-- RECORDED INFORMATION --
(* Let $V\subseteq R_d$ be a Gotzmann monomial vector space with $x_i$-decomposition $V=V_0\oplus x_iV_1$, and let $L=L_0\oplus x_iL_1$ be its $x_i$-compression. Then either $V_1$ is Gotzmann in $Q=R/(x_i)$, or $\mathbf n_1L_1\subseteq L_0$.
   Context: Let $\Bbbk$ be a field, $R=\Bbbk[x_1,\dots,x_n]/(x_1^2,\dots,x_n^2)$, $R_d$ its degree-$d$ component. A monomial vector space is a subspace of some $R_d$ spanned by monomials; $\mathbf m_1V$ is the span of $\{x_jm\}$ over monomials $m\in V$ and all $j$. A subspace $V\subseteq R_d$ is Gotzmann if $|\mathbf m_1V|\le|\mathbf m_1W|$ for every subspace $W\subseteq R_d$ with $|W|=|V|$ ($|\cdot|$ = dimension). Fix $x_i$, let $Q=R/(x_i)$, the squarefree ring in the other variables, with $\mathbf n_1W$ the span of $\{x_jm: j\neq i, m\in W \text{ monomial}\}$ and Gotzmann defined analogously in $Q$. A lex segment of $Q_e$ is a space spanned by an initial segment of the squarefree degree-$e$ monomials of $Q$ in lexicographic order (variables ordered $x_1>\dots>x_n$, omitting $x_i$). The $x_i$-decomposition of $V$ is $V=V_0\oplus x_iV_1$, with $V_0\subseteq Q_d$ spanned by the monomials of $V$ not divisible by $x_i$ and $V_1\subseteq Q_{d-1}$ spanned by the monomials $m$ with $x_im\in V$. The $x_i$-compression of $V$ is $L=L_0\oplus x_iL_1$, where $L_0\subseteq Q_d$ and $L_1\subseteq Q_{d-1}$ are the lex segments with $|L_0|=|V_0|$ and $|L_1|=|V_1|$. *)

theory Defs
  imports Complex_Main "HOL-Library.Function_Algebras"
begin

-- REQUIRED ACTION --
Including any blank lines, repeat the data exactly.

-- RESPONSE TO THIS EXERCISE --
(* Let $V\subseteq R_d$ be a Gotzmann monomial vector space with $x_i$-decomposition $V=V_0\oplus x_iV_1$, and let $L=L_0\oplus x_iL_1$ be its $x_i$-compression. Then either $V_1$ is Gotzmann in $Q=R/(x_i)$, or $\mathbf n_1L_1\subseteq L_0$.
   Context: Let $\Bbbk$ be a field, $R=\Bbbk[x_1,\dots,x_n]/(x_1^2,\dots,x_n^2)$, $R_d$ its degree-$d$ component. A monomial vector space is a subspace of some $R_d$ spanned by monomials; $\mathbf m_1V$ is the span of $\{x_jm\}$ over monomials $m\in V$ and all $j$. A subspace $V\subseteq R_d$ is Gotzmann if $|\mathbf m_1V|\le|\mathbf m_1W|$ for every subspace $W\subseteq R_d$ with $|W|=|V|$ ($|\cdot|$ = dimension). Fix $x_i$, let $Q=R/(x_i)$, the squarefree ring in the other variables, with $\mathbf n_1W$ the span of $\{x_jm: j\neq i, m\in W \text{ monomial}\}$ and Gotzmann defined analogously in $Q$. A lex segment of $Q_e$ is a space spanned by an initial segment of the squarefree degree-$e$ monomials of $Q$ in lexicographic order (variables ordered $x_1>\dots>x_n$, omitting $x_i$). The $x_i$-decomposition of $V$ is $V=V_0\oplus x_iV_1$, with $V_0\subseteq Q_d$ spanned by the monomials of $V$ not divisible by $x_i$ and $V_1\subseteq Q_{d-1}$ spanned by the monomials $m$ with $x_im\in V$. The $x_i$-compression of $V$ is $L=L_0\oplus x_iL_1$, where $L_0\subseteq Q_d$ and $L_1\subseteq Q_{d-1}$ are the lex segments with $|L_0|=|V_0|$ and $|L_1|=|V_1|$. *)

theory Defs
  imports Complex_Main "HOL-Library.Function_Algebras"
begin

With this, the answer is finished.